Given information: Begin

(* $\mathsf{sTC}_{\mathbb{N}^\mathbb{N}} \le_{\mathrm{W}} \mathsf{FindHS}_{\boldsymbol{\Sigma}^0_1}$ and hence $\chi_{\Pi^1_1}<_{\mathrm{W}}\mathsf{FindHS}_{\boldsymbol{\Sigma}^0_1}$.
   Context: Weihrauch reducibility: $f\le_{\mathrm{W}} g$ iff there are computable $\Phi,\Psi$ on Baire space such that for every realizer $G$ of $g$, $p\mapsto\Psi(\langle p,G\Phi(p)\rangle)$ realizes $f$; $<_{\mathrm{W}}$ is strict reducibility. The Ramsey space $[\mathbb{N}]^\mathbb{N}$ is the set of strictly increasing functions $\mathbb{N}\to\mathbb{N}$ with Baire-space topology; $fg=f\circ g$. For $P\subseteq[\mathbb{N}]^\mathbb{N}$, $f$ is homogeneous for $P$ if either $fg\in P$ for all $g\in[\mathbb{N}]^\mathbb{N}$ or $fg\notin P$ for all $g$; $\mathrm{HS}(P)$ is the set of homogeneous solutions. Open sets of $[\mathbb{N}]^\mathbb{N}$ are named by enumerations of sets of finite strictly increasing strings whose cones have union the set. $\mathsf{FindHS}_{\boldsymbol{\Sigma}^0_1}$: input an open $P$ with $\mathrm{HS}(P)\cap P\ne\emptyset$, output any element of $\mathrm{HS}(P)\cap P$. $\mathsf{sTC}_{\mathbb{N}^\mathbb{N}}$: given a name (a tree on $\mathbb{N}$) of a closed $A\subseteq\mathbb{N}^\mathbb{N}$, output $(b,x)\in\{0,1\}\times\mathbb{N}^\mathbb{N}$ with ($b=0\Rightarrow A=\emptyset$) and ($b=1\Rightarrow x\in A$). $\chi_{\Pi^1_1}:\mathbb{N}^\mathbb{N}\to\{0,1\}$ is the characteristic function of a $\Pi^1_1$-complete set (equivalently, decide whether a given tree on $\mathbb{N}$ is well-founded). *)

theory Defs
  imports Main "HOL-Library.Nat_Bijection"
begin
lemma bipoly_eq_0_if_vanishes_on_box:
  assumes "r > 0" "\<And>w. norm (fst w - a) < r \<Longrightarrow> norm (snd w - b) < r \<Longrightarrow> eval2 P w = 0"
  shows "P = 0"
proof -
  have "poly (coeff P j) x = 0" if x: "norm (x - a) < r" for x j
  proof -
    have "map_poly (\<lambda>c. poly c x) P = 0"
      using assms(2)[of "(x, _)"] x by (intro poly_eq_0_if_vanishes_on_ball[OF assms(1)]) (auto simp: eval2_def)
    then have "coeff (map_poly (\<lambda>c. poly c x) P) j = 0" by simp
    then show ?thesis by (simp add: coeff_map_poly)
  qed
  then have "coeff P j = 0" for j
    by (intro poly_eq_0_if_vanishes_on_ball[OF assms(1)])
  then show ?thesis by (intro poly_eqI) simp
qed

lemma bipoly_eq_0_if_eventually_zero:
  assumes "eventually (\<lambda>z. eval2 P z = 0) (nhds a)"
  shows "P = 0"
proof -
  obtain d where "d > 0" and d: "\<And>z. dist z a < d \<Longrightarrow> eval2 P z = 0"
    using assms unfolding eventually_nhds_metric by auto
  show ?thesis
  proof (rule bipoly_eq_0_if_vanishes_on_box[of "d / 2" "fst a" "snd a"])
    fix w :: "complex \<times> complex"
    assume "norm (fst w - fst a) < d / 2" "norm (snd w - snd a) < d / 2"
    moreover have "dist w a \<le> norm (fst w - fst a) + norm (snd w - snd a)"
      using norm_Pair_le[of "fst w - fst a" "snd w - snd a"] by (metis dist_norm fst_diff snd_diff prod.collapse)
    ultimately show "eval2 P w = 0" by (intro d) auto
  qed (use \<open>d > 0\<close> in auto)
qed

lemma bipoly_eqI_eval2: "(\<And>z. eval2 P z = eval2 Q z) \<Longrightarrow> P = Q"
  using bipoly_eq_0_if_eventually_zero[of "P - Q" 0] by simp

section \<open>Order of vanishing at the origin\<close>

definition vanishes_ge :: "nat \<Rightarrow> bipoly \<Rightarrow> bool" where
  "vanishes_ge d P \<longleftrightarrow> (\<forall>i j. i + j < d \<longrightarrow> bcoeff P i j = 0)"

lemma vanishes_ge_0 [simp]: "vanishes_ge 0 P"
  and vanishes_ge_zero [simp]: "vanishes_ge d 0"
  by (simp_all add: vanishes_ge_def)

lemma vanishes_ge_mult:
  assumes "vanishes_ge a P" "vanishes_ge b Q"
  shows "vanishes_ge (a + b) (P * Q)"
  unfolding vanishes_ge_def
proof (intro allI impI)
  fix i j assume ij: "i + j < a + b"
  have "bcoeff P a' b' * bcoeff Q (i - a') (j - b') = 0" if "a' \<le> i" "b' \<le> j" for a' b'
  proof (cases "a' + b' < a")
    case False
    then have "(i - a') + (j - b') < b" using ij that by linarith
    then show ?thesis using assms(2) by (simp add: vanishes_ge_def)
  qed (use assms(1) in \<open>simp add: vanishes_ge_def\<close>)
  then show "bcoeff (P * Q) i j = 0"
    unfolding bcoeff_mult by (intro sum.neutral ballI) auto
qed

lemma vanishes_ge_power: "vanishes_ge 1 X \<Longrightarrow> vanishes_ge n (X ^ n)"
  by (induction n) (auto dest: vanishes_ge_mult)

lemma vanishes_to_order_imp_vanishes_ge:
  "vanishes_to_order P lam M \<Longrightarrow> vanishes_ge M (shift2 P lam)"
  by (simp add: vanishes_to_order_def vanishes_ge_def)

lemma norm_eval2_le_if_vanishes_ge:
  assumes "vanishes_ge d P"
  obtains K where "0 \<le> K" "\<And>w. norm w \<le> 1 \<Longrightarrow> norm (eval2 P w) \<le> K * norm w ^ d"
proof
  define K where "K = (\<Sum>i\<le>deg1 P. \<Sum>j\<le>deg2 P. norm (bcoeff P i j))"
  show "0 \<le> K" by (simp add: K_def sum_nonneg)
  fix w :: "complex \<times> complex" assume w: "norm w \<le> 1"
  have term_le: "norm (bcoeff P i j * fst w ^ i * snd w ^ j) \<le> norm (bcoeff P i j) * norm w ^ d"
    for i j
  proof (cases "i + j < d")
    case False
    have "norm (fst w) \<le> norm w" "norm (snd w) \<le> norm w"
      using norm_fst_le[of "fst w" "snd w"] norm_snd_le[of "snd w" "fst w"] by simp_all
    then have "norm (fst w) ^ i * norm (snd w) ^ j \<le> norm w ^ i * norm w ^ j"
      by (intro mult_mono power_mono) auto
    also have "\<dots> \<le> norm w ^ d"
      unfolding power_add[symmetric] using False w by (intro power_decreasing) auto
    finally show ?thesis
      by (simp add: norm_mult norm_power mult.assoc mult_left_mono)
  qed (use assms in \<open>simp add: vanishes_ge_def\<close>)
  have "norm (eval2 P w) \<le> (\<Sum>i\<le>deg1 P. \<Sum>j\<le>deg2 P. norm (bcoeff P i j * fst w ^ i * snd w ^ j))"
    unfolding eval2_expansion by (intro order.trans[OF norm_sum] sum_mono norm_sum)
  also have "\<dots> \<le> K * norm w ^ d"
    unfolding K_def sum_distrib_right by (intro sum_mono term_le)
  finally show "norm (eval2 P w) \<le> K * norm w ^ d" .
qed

Given information: End

» **Assignment**
Which lines in the listing above include the string "also"? Copy each of them.

» **Response area**
    also have "\<dots> \<le> norm w ^ d"
  also have "\<dots> \<le> K * norm w ^ d"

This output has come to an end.